[SUPPLIED MATERIAL]

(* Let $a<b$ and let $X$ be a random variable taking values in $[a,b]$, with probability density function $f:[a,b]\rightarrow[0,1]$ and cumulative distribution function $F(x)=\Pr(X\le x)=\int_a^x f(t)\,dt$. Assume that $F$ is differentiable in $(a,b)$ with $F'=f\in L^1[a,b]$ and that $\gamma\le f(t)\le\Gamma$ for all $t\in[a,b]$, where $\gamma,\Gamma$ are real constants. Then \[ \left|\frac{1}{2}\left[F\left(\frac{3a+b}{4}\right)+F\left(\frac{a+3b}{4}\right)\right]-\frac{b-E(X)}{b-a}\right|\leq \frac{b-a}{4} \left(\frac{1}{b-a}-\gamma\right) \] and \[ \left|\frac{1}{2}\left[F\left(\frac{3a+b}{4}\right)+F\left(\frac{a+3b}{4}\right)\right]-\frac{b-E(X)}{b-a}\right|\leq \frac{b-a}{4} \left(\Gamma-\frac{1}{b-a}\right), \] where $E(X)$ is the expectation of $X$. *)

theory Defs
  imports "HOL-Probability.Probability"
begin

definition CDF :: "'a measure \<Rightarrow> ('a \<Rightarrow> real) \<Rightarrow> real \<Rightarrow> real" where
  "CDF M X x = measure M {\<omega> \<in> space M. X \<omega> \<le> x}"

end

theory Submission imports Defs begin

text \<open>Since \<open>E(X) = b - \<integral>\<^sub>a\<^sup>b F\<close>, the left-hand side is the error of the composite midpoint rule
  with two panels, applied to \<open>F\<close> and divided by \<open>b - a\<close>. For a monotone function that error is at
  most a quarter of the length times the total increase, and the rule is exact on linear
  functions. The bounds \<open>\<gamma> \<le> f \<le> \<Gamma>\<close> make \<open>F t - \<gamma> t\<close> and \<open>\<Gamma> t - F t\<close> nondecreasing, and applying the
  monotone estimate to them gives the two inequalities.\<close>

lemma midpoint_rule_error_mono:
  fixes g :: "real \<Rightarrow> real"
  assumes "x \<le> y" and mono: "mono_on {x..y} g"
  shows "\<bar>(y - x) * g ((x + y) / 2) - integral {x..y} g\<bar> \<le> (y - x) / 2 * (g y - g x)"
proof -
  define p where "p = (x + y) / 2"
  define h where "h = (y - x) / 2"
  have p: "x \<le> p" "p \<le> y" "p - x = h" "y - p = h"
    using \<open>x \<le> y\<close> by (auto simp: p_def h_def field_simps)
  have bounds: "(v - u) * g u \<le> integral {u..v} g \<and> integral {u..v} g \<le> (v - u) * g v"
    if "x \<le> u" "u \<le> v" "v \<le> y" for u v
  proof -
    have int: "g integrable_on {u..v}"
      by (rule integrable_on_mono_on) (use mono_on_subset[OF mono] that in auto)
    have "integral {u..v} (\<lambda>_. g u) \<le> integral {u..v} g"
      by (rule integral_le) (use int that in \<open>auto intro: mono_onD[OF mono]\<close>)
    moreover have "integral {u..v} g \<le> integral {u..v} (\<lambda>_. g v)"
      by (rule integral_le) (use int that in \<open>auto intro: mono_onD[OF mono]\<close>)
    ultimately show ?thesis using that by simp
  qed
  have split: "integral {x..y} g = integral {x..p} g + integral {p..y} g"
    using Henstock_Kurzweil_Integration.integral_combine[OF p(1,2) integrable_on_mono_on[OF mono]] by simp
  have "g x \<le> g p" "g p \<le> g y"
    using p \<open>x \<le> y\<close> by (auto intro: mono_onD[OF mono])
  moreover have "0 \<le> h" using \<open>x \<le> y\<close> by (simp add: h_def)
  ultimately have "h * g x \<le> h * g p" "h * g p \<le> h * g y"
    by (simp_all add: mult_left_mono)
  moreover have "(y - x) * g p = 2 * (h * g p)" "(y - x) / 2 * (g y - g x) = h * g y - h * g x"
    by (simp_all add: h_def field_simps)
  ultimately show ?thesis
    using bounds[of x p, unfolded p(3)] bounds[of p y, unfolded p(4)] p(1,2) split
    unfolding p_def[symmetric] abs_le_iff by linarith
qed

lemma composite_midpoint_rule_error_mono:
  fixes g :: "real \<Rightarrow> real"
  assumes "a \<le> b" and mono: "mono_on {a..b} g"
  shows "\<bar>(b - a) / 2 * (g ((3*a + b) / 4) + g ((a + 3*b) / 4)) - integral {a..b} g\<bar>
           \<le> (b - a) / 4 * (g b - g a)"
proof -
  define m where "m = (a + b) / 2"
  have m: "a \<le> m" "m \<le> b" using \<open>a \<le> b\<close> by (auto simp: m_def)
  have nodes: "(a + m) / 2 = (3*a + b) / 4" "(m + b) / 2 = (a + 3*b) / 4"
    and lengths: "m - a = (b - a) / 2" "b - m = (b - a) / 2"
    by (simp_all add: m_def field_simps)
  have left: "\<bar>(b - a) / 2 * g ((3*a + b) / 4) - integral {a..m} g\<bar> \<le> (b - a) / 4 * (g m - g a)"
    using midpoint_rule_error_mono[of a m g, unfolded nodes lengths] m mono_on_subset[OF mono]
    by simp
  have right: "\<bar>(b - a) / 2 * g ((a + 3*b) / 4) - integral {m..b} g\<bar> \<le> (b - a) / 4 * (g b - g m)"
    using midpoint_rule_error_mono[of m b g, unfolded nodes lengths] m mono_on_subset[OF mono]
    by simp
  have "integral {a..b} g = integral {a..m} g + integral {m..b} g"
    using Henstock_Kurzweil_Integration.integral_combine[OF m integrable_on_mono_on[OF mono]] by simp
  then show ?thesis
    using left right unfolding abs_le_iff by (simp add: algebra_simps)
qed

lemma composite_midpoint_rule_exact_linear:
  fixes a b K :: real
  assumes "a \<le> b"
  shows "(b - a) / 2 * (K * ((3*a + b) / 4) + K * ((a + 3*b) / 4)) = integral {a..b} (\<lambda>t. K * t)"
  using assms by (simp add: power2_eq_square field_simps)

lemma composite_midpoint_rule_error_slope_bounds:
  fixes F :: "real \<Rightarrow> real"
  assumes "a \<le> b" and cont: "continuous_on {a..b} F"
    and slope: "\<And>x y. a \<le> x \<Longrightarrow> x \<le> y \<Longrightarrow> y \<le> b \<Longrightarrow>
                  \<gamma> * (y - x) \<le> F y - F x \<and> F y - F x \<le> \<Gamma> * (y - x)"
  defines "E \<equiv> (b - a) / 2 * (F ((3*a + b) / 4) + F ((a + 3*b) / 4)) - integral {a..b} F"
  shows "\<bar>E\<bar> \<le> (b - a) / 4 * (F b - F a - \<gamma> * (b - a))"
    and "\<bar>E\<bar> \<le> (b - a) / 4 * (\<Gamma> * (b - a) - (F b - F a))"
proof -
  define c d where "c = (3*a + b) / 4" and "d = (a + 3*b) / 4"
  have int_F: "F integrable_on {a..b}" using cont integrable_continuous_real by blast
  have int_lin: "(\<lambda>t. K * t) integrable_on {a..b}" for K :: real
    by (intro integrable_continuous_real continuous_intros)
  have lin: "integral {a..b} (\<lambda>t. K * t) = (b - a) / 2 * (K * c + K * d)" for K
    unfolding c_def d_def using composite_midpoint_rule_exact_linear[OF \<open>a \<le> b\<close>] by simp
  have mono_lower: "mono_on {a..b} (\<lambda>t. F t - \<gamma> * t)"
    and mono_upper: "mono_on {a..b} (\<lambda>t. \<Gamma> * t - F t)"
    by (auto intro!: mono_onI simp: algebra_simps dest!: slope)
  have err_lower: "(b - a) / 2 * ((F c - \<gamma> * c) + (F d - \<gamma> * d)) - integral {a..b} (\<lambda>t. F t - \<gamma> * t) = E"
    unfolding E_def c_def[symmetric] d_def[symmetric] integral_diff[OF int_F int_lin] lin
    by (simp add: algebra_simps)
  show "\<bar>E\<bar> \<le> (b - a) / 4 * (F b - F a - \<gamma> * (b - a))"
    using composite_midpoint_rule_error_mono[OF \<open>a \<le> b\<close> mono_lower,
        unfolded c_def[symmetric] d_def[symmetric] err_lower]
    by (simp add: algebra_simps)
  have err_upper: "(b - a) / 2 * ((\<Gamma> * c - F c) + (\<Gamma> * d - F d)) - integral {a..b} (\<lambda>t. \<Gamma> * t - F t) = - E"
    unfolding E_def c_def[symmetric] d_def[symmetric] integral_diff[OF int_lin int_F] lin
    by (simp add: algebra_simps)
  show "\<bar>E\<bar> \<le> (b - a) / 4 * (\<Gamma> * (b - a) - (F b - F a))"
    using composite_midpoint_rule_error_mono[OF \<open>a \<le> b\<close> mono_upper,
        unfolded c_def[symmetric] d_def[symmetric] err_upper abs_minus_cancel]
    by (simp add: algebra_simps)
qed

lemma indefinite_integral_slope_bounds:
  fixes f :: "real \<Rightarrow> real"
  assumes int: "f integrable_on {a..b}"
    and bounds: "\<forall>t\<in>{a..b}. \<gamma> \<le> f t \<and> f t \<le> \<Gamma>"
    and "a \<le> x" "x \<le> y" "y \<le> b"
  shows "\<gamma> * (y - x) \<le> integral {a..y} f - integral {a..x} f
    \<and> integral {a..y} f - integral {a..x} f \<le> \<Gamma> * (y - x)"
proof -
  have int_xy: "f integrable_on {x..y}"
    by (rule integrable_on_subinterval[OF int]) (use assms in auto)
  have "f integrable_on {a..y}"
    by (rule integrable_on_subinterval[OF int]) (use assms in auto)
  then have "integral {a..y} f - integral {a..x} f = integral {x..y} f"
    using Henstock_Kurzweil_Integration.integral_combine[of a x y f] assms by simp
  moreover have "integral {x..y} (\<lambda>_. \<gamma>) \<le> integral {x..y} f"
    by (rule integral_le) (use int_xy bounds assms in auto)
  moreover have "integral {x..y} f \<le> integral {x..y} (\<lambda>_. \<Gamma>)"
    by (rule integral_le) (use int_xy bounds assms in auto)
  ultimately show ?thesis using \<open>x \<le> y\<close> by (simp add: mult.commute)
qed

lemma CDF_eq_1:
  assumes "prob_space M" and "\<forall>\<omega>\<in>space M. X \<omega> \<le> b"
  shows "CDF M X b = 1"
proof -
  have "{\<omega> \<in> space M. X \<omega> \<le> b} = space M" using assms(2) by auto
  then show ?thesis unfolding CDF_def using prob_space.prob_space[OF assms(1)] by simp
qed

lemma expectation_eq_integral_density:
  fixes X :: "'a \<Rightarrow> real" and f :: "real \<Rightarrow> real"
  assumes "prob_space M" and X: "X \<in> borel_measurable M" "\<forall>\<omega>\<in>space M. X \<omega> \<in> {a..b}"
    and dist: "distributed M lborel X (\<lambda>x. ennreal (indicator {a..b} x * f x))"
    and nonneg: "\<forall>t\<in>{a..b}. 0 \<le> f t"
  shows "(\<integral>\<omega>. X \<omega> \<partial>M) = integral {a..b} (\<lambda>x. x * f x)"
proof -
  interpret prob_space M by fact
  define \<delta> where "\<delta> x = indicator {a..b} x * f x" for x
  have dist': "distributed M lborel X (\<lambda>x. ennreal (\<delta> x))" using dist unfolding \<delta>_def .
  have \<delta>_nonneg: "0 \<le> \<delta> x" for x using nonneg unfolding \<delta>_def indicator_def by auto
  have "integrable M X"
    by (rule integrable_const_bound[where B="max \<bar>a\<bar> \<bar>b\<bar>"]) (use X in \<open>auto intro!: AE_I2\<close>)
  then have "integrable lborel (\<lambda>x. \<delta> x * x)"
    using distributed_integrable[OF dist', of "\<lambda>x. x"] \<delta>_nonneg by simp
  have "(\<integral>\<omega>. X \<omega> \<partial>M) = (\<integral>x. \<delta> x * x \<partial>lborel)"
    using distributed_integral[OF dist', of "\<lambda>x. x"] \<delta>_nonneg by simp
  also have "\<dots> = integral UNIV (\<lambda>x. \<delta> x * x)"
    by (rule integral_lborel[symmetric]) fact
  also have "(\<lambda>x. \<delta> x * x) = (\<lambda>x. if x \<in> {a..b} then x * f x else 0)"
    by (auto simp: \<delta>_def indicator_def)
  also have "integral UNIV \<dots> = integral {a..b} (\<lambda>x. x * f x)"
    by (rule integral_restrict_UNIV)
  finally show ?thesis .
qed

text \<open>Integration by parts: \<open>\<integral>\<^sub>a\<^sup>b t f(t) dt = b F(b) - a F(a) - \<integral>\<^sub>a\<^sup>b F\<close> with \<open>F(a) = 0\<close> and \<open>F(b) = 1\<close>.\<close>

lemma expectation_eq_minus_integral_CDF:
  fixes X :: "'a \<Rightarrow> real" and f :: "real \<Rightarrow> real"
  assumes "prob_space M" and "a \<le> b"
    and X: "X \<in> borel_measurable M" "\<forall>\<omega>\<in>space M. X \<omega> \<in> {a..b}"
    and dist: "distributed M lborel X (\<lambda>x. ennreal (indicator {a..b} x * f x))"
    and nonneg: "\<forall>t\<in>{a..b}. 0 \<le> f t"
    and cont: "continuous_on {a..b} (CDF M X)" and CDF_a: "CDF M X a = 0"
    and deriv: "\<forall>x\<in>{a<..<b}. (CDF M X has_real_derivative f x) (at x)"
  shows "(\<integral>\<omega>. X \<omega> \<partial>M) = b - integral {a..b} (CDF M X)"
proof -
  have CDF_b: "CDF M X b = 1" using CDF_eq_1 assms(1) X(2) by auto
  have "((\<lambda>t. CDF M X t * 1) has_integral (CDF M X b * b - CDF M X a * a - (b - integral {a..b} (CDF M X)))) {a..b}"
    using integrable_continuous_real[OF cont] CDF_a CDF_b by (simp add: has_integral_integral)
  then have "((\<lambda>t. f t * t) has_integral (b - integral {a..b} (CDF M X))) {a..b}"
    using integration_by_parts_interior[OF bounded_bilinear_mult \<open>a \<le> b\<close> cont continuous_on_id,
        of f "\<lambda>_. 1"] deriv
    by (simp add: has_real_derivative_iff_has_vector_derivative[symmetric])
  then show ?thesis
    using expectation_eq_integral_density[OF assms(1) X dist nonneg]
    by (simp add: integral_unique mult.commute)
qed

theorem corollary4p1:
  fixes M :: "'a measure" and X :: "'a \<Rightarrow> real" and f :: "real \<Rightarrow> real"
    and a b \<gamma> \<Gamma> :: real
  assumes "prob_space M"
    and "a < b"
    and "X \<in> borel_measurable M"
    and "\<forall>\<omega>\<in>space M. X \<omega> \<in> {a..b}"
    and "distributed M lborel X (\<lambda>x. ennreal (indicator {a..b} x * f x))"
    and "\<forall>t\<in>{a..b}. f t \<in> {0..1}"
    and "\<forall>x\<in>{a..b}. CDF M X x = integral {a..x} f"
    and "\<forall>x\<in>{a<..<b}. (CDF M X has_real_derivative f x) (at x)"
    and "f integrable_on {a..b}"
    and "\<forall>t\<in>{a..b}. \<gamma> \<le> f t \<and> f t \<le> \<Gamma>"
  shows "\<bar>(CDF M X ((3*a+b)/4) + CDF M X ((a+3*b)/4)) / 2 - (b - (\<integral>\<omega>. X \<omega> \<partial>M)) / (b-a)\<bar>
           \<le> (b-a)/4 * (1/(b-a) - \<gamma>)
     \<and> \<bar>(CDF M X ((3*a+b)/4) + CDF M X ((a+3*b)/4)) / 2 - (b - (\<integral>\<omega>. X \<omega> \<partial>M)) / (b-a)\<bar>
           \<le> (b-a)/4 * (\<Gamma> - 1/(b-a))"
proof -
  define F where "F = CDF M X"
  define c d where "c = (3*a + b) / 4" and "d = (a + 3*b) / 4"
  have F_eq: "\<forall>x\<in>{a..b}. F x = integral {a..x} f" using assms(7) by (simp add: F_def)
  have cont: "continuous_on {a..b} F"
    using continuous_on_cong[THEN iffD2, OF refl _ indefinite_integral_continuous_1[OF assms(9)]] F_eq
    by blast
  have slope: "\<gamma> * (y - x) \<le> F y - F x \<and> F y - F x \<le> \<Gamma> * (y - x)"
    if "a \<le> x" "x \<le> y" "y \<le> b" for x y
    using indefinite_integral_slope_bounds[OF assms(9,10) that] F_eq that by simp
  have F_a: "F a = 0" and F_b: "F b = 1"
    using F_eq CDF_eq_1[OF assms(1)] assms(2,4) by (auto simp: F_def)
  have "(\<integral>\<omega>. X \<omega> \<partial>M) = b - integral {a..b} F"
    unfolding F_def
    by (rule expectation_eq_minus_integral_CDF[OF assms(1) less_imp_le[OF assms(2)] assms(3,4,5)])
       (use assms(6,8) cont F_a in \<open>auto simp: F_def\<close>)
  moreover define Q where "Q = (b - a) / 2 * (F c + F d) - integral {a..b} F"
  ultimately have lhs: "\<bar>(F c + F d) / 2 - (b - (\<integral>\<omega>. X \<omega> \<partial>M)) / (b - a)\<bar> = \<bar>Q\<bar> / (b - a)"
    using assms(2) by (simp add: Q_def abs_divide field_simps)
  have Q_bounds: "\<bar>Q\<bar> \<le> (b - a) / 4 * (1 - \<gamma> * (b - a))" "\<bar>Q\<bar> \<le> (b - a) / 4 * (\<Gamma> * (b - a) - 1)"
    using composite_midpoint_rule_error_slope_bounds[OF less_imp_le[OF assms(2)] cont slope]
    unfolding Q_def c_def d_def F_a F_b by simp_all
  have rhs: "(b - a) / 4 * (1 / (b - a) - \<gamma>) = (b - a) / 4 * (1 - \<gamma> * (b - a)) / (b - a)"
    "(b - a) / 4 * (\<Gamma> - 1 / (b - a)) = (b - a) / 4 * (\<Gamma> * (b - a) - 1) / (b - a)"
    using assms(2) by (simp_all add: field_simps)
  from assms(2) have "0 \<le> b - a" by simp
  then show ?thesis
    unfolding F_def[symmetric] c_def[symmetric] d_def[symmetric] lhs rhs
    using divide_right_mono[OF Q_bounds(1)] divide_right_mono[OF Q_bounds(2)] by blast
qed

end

[/SUPPLIED MATERIAL]

- **PROBLEM REQUIREMENTS**
Return only the lines spanning from the first line of the material through the line with "functions. The bounds", copied exactly, both ends kept.

- **RESPONSE AREA**
(* Let $a<b$ and let $X$ be a random variable taking values in $[a,b]$, with probability density function $f:[a,b]\rightarrow[0,1]$ and cumulative distribution function $F(x)=\Pr(X\le x)=\int_a^x f(t)\,dt$. Assume that $F$ is differentiable in $(a,b)$ with $F'=f\in L^1[a,b]$ and that $\gamma\le f(t)\le\Gamma$ for all $t\in[a,b]$, where $\gamma,\Gamma$ are real constants. Then \[ \left|\frac{1}{2}\left[F\left(\frac{3a+b}{4}\right)+F\left(\frac{a+3b}{4}\right)\right]-\frac{b-E(X)}{b-a}\right|\leq \frac{b-a}{4} \left(\frac{1}{b-a}-\gamma\right) \] and \[ \left|\frac{1}{2}\left[F\left(\frac{3a+b}{4}\right)+F\left(\frac{a+3b}{4}\right)\right]-\frac{b-E(X)}{b-a}\right|\leq \frac{b-a}{4} \left(\Gamma-\frac{1}{b-a}\right), \] where $E(X)$ is the expectation of $X$. *)

theory Defs
  imports "HOL-Probability.Probability"
begin

definition CDF :: "'a measure \<Rightarrow> ('a \<Rightarrow> real) \<Rightarrow> real \<Rightarrow> real" where
  "CDF M X x = measure M {\<omega> \<in> space M. X \<omega> \<le> x}"

end

theory Submission imports Defs begin

text \<open>Since \<open>E(X) = b - \<integral>\<^sub>a\<^sup>b F\<close>, the left-hand side is the error of the composite midpoint rule
  with two panels, applied to \<open>F\<close> and divided by \<open>b - a\<close>. For a monotone function that error is at
  most a quarter of the length times the total increase, and the rule is exact on linear
  functions. The bounds \<open>\<gamma> \<le> f \<le> \<Gamma>\<close> make \<open>F t - \<gamma> t\<close> and \<open>\<Gamma> t - F t\<close> nondecreasing, and applying the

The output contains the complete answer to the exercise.